「戦争は人類に多くの利益をもたらしてくれた」。坂口安吾が逆説的に振り返る。民族や文化が交流し、科学と文明が進んだためだ。だが原爆で事態が一変した。「兵器の魔力が空想の限界を超すに至って…もはや、戦争をやってはならぬ」(戦争論)
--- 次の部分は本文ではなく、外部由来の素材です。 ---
lemma subspace_induct [consumes 2, case_names singleton split]:
  assumes "B \<subseteq> X" "B \<noteq> {}"
    and singleton: "\<And>x. x \<in> X \<Longrightarrow> P {x}"
    and split: "\<And>B. B \<subseteq> X \<Longrightarrow> 2 \<le> card B \<Longrightarrow> (\<And>C. C \<in> parts d B \<Longrightarrow> P C) \<Longrightarrow> P B"
  shows "P B"
  using assms(1,2)
proof (induction "card B" arbitrary: B rule: less_induct)
  case less
  show ?case
  proof (cases "2 \<le> card B")
    case True
    show ?thesis
    proof (rule split[OF less.prems(1) True])
      fix C assume "C \<in> parts d B"
      then show "P C"
        using less part_psubset part_nonempty True finite_subspace
        by (meson order.trans psubset_card_mono psubset_imp_subset)
    qed
  next
    case False
    moreover have "card B \<noteq> 0" using less.prems finite_subspace by simp
    ultimately have "card B = 1" by linarith
    then show ?thesis using singleton less.prems(1) by (metis card_1_singletonE insert_subset)
  qed
qed

lemma Sp_eq_diam_tinternal:
  "B \<subseteq> X \<Longrightarrow> B \<noteq> {} \<Longrightarrow> Sp d B = diam d ` tinternal d B"
proof (induction rule: subspace_induct)
  case (singleton x)
  then show ?case by (simp add: Sp_def tinternal_small)
next
  case (split B)
  then show ?case by (auto simp: Sp_unfold tinternal_unfold)
qed

lemma card_tinternal_identity:
  "B \<subseteq> X \<Longrightarrow> B \<noteq> {} \<Longrightarrow>
     card B + card (tinternal d B) = Suc (\<Sum>I\<in>tinternal d B. card (parts d I))"
proof (induction rule: subspace_induct)
  case (singleton x)
  then show ?case by (simp add: tinternal_small)
next
  case (split B)
  let ?k = "\<lambda>I. card (parts d I)"
  have fin: "finite (parts d B)" "\<And>P. P \<in> parts d B \<Longrightarrow> finite (tinternal d P)"
    using finite_parts[OF split.hyps] finite_tinternal[OF finite_part[OF split.hyps]] by auto
  have disj: "\<forall>P\<in>parts d B. \<forall>Q\<in>parts d B. P \<noteq> Q \<longrightarrow> tinternal d P \<inter> tinternal d Q = {}"
    using tinternal_parts_disjoint[OF split.hyps] by blast
  let ?U = "\<Union>P\<in>parts d B. tinternal d P"
  have U: "finite ?U" "B \<notin> ?U" "tinternal d B = insert B ?U"
    using fin notin_tinternal_part[OF split.hyps] tinternal_unfold[OF split.hyps(2)] by auto
  have card_T: "card (tinternal d B) = Suc (\<Sum>P\<in>parts d B. card (tinternal d P))"
    using U card_UN_disjoint[OF fin(1) _ disj] fin(2) by simp
  have sum_T: "(\<Sum>I\<in>tinternal d B. ?k I) = ?k B + (\<Sum>P\<in>parts d B. \<Sum>I\<in>tinternal d P. ?k I)"
    using U sum.UNION_disjoint[OF fin(1) _ disj] fin(2) by simp
  have "(\<Sum>P\<in>parts d B. card P + card (tinternal d P))
      = (\<Sum>P\<in>parts d B. Suc (\<Sum>I\<in>tinternal d P. ?k I))"
    using split.IH by (intro sum.cong) auto
  then have "card B + (\<Sum>P\<in>parts d B. card (tinternal d P))
      = (\<Sum>P\<in>parts d B. \<Sum>I\<in>tinternal d P. ?k I) + ?k B"
    by (simp add: sum.distrib sum_Suc sum_card_parts[OF split.hyps])
  then show ?case using card_T sum_T by simp
qed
▼武器があれば試したくなる。ベトナム戦争の当時、ニクソン米大統領がキッシンジャー補佐官と議論した。発電所や港への攻撃拡大を主張する補佐官に、大統領が言う。「わたしは、核爆弾を使いたい」
▼補佐官は驚いた。「それはあんまりです」。大統領は譲らない。「核爆弾だよ。心配なのか。君には大きなことを考えてほしい」。やりとりの録音テープが残っている。結局、核使用は断念した
▼先日はロシア軍幹部が「核攻撃の目標になる」とポーランドに警告した。ミサイル防衛施設の配備で米国と合意したことへの反発だ。いわく「こうした標的は真っ先に破壊される」
▼核保有国パキスタンでは、ムシャラフ大統領が辞任した。政情が揺らいでいる。百五十発とされる核を持つ国だ。核兵器や核技術は、きちんと管理されるのか。イスラム過激派などへの流出は大丈夫か。不安が膨らむ
▼ニクソン氏のような人物は、どこの国にも現れ得る。側近の制止を聞く保証はない。核廃絶を進めるしか道はない。「戦争は終わった…こりることを知らねばならぬ」。安吾の言葉は真実だ。
今日、広島での原水爆禁止世界大会へ行ってきた若い看護師さんから「核の恐怖」について聞く機会がありました。
核兵器の恐怖は、いっこうに減ってはいません。
それどころか、核兵器は増加の一途をたどっているではありませんか!!
一度戦争が起こると、その「勝利」のために可能な手段を駆使する思考が働きます。ベトナム戦争でのニクソンのようにです。
今回のロシアによる対ポーランドへの対応も将来へ不安の残す内容です。
核兵器廃絶の課題は、もはや誰にも反対のできないものです。
そして、その使用をも阻むために、戦争起こしてはなりません。
坂口安吾の言葉が光を帯びてきます。